definition conv_l :: "('h, 'b) groupoid \<Rightarrow> ('x, 'h, 'b, 'g, 'u) corresp
    \<Rightarrow> ('h \<Rightarrow> complex) \<Rightarrow> ('x \<Rightarrow> complex) \<Rightarrow> 'x \<Rightarrow> complex" where
  "conv_l H X zeta xi = (\<lambda>x. infsum (\<lambda>h. zeta h * xi (lact X (ginv H h) x)) {h. rng H h = anc_r X x})"

end

theory Submission
  imports Defs
begin

(*
  Each product set carries continuous factor maps, defined on an open set, that split its
  elements uniquely. For y in V1 W the factor g is the preimage of s(y) under the local
  homeomorphism s restricted to the slice W, and x = y g^-1; for g in <V1|V2>, x1 is the preimage
  of r(g) under s restricted to V1, and x2 = x1 g; for y in Z V1, h is the preimage of r(y) under
  r restricted to Z, and x = h^-1 y. The factor maps exhibit the product sets as open and reduce
  their slice properties to those of the factors. They also show that each sum defining the three
  operations has at most one nonzero term, the product of the values at the factors. The supports
  are compact because they lie in the image of a product of compact supports under the continuous
  action or, for <xi|eta>, in the projection of the compact preimage of such a product under the
  proper map (x, g) |-> (x g, x).
*)

lemma local_homeo_continuous:
  assumes "local_homeo f"
  shows "continuous_on UNIV f"
proof -
  obtain U where U: "\<And>x. open (U x) \<and> x \<in> U x \<and> homeomorphism (U x) (f ` U x) f (inv_into (U x) f)"
    using assms unfolding local_homeo_def by metis
  have "continuous_on (\<Union>x. U x) f"
    by (rule continuous_on_open_UN) (use U homeomorphism_def in blast)+
  moreover have "(\<Union>x. U x) = UNIV"
    using U by blast
  ultimately show ?thesis
    by simp
qed

lemma local_homeo_open_map:
  assumes "local_homeo f" and "open S"
  shows "open (f ` S)"
proof -
  obtain U where U: "\<And>x. open (U x) \<and> x \<in> U x \<and> open (f ` U x) \<and>
      homeomorphism (U x) (f ` U x) f (inv_into (U x) f)"
    using assms(1) unfolding local_homeo_def by metis
  have "open (f ` (U x \<inter> S))" for x
  proof -
    have "openin (top_of_set (U x)) (U x \<inter> S)"
      using assms(2) openin_open_Int by blast
    then have "openin (top_of_set (f ` U x)) (f ` (U x \<inter> S))"
      using homeomorphism_imp_open_map U by blast
    then show ?thesis
      using openin_open_trans U by blast
  qed
  moreover have "f ` S = (\<Union>x\<in>S. f ` (U x \<inter> S))"
    using U by blast
  ultimately show ?thesis
    by (metis open_UN)
qed

lemma local_homeo_inv_into_continuous:
  assumes "local_homeo f" and "open V" and "inj_on f V"
  shows "continuous_on (f ` V) (inv_into V f)"
proof (rule continuous_on_inverse_open_map[OF _ refl])
  show "continuous_on V f"
    using local_homeo_continuous[OF assms(1)] continuous_on_subset by blast
  show "inv_into V f (f x) = x" if "x \<in> V" for x
    using assms(3) that by simp
  fix U assume "openin (top_of_set V) U"
  then have "open U" "U \<subseteq> V"
    using assms(2) openin_open_trans openin_imp_subset by blast+
  then show "openin (top_of_set (f ` V)) (f ` U)"
    by (simp add: open_subset image_mono local_homeo_open_map[OF assms(1)])
qed

lemma continuous_on_apply_pair:
  assumes "continuous_on T (\<lambda>(x, y). F x y)" and "continuous_on S a" and "continuous_on S b"
    and "\<And>z. z \<in> S \<Longrightarrow> (a z, b z) \<in> T"
  shows "continuous_on S (\<lambda>z. F (a z) (b z))"
  using continuous_on_compose2[OF assms(1) continuous_on_Pair[OF assms(2,3)]] assms(4) by auto

lemma closed_fibre_product:
  fixes f :: "'a::topological_space \<Rightarrow> 'c::t2_space" and g :: "'b::topological_space \<Rightarrow> 'c"
  assumes "continuous_on UNIV f" and "continuous_on UNIV g"
  shows "closed {(x, y). f x = g y}"
proof -
  have "continuous_on UNIV (\<lambda>p. f (fst p))" "continuous_on UNIV (\<lambda>p. g (snd p))"
    by (rule continuous_on_compose2[OF assms(1) continuous_on_fst[OF continuous_on_id]], simp,
        rule continuous_on_compose2[OF assms(2) continuous_on_snd[OF continuous_on_id]], simp)
  then show ?thesis
    using closed_Collect_eq by (simp add: case_prod_beta')
qed

lemma compact_image_fibre_product:
  fixes f :: "'a::topological_space \<Rightarrow> 'c::t2_space" and g :: "'b::topological_space \<Rightarrow> 'c"
  assumes "compact K" and "compact L" and "continuous_on UNIV f" and "continuous_on UNIV g"
    and "continuous_on {(x, y). f x = g y} m"
  shows "compact (m ` (K \<times> L \<inter> {(x, y). f x = g y}))"
  using compact_Int_closed[OF compact_Times[OF assms(1,2)] closed_fibre_product[OF assms(3,4)]]
    assms(5) by (meson compact_continuous_image continuous_on_subset inf_le2)

lemma infsum_eq_single_term:
  assumes "a \<in> A" and "\<And>k. k \<in> A \<Longrightarrow> k \<noteq> a \<Longrightarrow> f k = 0"
  shows "infsum f A = f a"
proof -
  have "infsum f A = infsum f {a}"
    by (rule infsum_cong_neutral) (use assms in auto)
  then show ?thesis
    by simp
qed

lemma cc_on_continuous: "cc_on V f \<Longrightarrow> continuous_on V f"
  unfolding cc_on_def by blast

lemma cc_on_vanishes: "cc_on V f \<Longrightarrow> x \<notin> V \<Longrightarrow> f x = 0"
  unfolding cc_on_def by blast

lemma cc_onE:
  assumes "cc_on V f"
  obtains K where "compact K" "K \<subseteq> V" "\<And>x. f x \<noteq> 0 \<Longrightarrow> x \<in> K"
  using assms unfolding cc_on_def by blast

lemma cc_onI:
  assumes "continuous_on V f" and "compact K" and "K \<subseteq> V" and "\<And>x. f x \<noteq> 0 \<Longrightarrow> x \<in> K"
  shows "cc_on V f"
  using assms unfolding cc_on_def by blast

lemma gsliceD:
  assumes "gslice G W"
  shows "open W" "inj_on (src G) W" "inj_on (rng G) W"
  using assms unfolding gslice_def by blast+

lemma xsliceD:
  assumes "xslice G X V"
  shows "open V" "inj_on (anc_s X) V" "\<And>x1 x2. x1 \<in> V \<Longrightarrow> x2 \<in> V \<Longrightarrow> same_orbit G X x1 x2 \<Longrightarrow> x1 = x2"
  using assms unfolding xslice_def by blast+

locale etale =
  fixes G :: "('g::topological_space, 'u::t2_space) groupoid"
  assumes etale: "etale_groupoid G"
begin

lemma rng_mult: "src G g = rng G h \<Longrightarrow> rng G (mult G g h) = rng G g"
  using etale unfolding etale_groupoid_def by blast

lemma mult_assoc:
  "src G f = rng G g \<Longrightarrow> src G g = rng G h \<Longrightarrow> mult G (mult G f g) h = mult G f (mult G g h)"
  using etale unfolding etale_groupoid_def by blast

lemma mult_uni_left: "mult G (uni G (rng G g)) g = g"
  and mult_uni_right: "mult G g (uni G (src G g)) = g"
  using etale unfolding etale_groupoid_def by blast+

lemma rng_ginv [simp]: "rng G (ginv G g) = src G g"
  and src_ginv [simp]: "src G (ginv G g) = rng G g"
  and mult_ginv_right: "mult G g (ginv G g) = uni G (rng G g)"
  and mult_ginv_left: "mult G (ginv G g) g = uni G (src G g)"
  using etale unfolding etale_groupoid_def by blast+

lemma ginv_ginv [simp]: "ginv G (ginv G g) = g"
proof -
  let ?k = "ginv G (ginv G g)"
  have "?k = mult G ?k (mult G (ginv G g) g)"
    using mult_uni_right[of ?k] mult_ginv_left[of g] by simp
  also have "\<dots> = mult G (mult G ?k (ginv G g)) g"
    using mult_assoc by simp
  also have "\<dots> = g"
    using mult_ginv_left[of "ginv G g"] mult_uni_left[of g] by simp
  finally show ?thesis .
qed

lemma local_homeo_rng: "local_homeo (rng G)"
  and local_homeo_src: "local_homeo (src G)"
  and continuous_ginv: "continuous_on UNIV (ginv G)"
  using etale unfolding etale_groupoid_def by blast+

lemmas continuous_rng = local_homeo_continuous[OF local_homeo_rng]
lemmas continuous_src = local_homeo_continuous[OF local_homeo_src]

end

locale correspondence =
  fixes H :: "('h::topological_space, 'b::t2_space) groupoid"
    and G :: "('g::topological_space, 'a::t2_space) groupoid"
    and X :: "('x::topological_space, 'h, 'b, 'g, 'a) corresp"
  assumes corresp: "groupoid_corresp H G X"
begin

sublocale G: etale G
  using corresp unfolding groupoid_corresp_def etale_def by blast

sublocale H: etale H
  using corresp unfolding groupoid_corresp_def etale_def by blast

lemma anc_r_lact: "src H h = anc_r X x \<Longrightarrow> anc_r X (lact X h x) = rng H h"
  and anc_s_lact: "src H h = anc_r X x \<Longrightarrow> anc_s X (lact X h x) = anc_s X x"
  and lact_lact: "src H h1 = rng H h2 \<Longrightarrow> src H h2 = anc_r X x \<Longrightarrow>
      lact X h1 (lact X h2 x) = lact X (mult H h1 h2) x"
  and lact_uni: "lact X (uni H (anc_r X x)) x = x"
  and anc_s_ract: "anc_s X x = rng G g \<Longrightarrow> anc_s X (ract X x g) = src G g"
  and anc_r_ract: "anc_s X x = rng G g \<Longrightarrow> anc_r X (ract X x g) = anc_r X x"
  and ract_ract: "anc_s X x = rng G g1 \<Longrightarrow> src G g1 = rng G g2 \<Longrightarrow>
      ract X (ract X x g1) g2 = ract X x (mult G g1 g2)"
  and ract_uni: "ract X x (uni G (anc_s X x)) = x"
  and ract_lact_commute: "src H h = anc_r X x \<Longrightarrow> anc_s X x = rng G g \<Longrightarrow>
      ract X (lact X h x) g = lact X h (ract X x g)"
  and ract_free: "anc_s X x = rng G g \<Longrightarrow> ract X x g = x \<Longrightarrow> g = uni G (anc_s X x)"
  using corresp unfolding groupoid_corresp_def by (elim conjE; simp)+

lemma continuous_anc_r: "continuous_on UNIV (anc_r X)"
  and continuous_anc_s: "continuous_on UNIV (anc_s X)"
  and continuous_lact: "continuous_on {(h, x). src H h = anc_r X x} (\<lambda>(h, x). lact X h x)"
  and continuous_ract: "continuous_on {(x, g). anc_s X x = rng G g} (\<lambda>(x, g). ract X x g)"
  and local_homeo_anc_s: "local_homeo (anc_s X)"
  and proper_ract: "proper_map (subtopology euclidean {(x, g). anc_s X x = rng G g}) euclidean
      (\<lambda>(x, g). (ract X x g, x))"
  using corresp unfolding groupoid_corresp_def by (elim conjE; simp)+

lemma ract_ract_ginv: "anc_s X x = rng G g \<Longrightarrow> ract X (ract X x g) (ginv G g) = x"
  using ract_ract[of x g "ginv G g"] G.mult_ginv_right[of g] ract_uni[of x] by simp

lemma ract_ginv_ract: "anc_s X y = src G g \<Longrightarrow> ract X (ract X y (ginv G g)) g = y"
  using ract_ract_ginv[of y "ginv G g"] by simp

lemma lact_ginv_lact: "src H h = anc_r X x \<Longrightarrow> lact X (ginv H h) (lact X h x) = x"
  using lact_lact[of "ginv H h" h x] H.mult_ginv_left[of h] lact_uni[of x] by simp

lemma lact_lact_ginv: "anc_r X y = rng H h \<Longrightarrow> lact X h (lact X (ginv H h) y) = y"
  using lact_ginv_lact[of "ginv H h" y] by simp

|---|

■ Activity
Using the records above, report each line that contains the word "moreover" by copying it.

■ Problem solution
  moreover have "(\<Union>x. U x) = UNIV"
  moreover have "f ` S = (\<Union>x\<in>S. f ` (U x \<inter> S))"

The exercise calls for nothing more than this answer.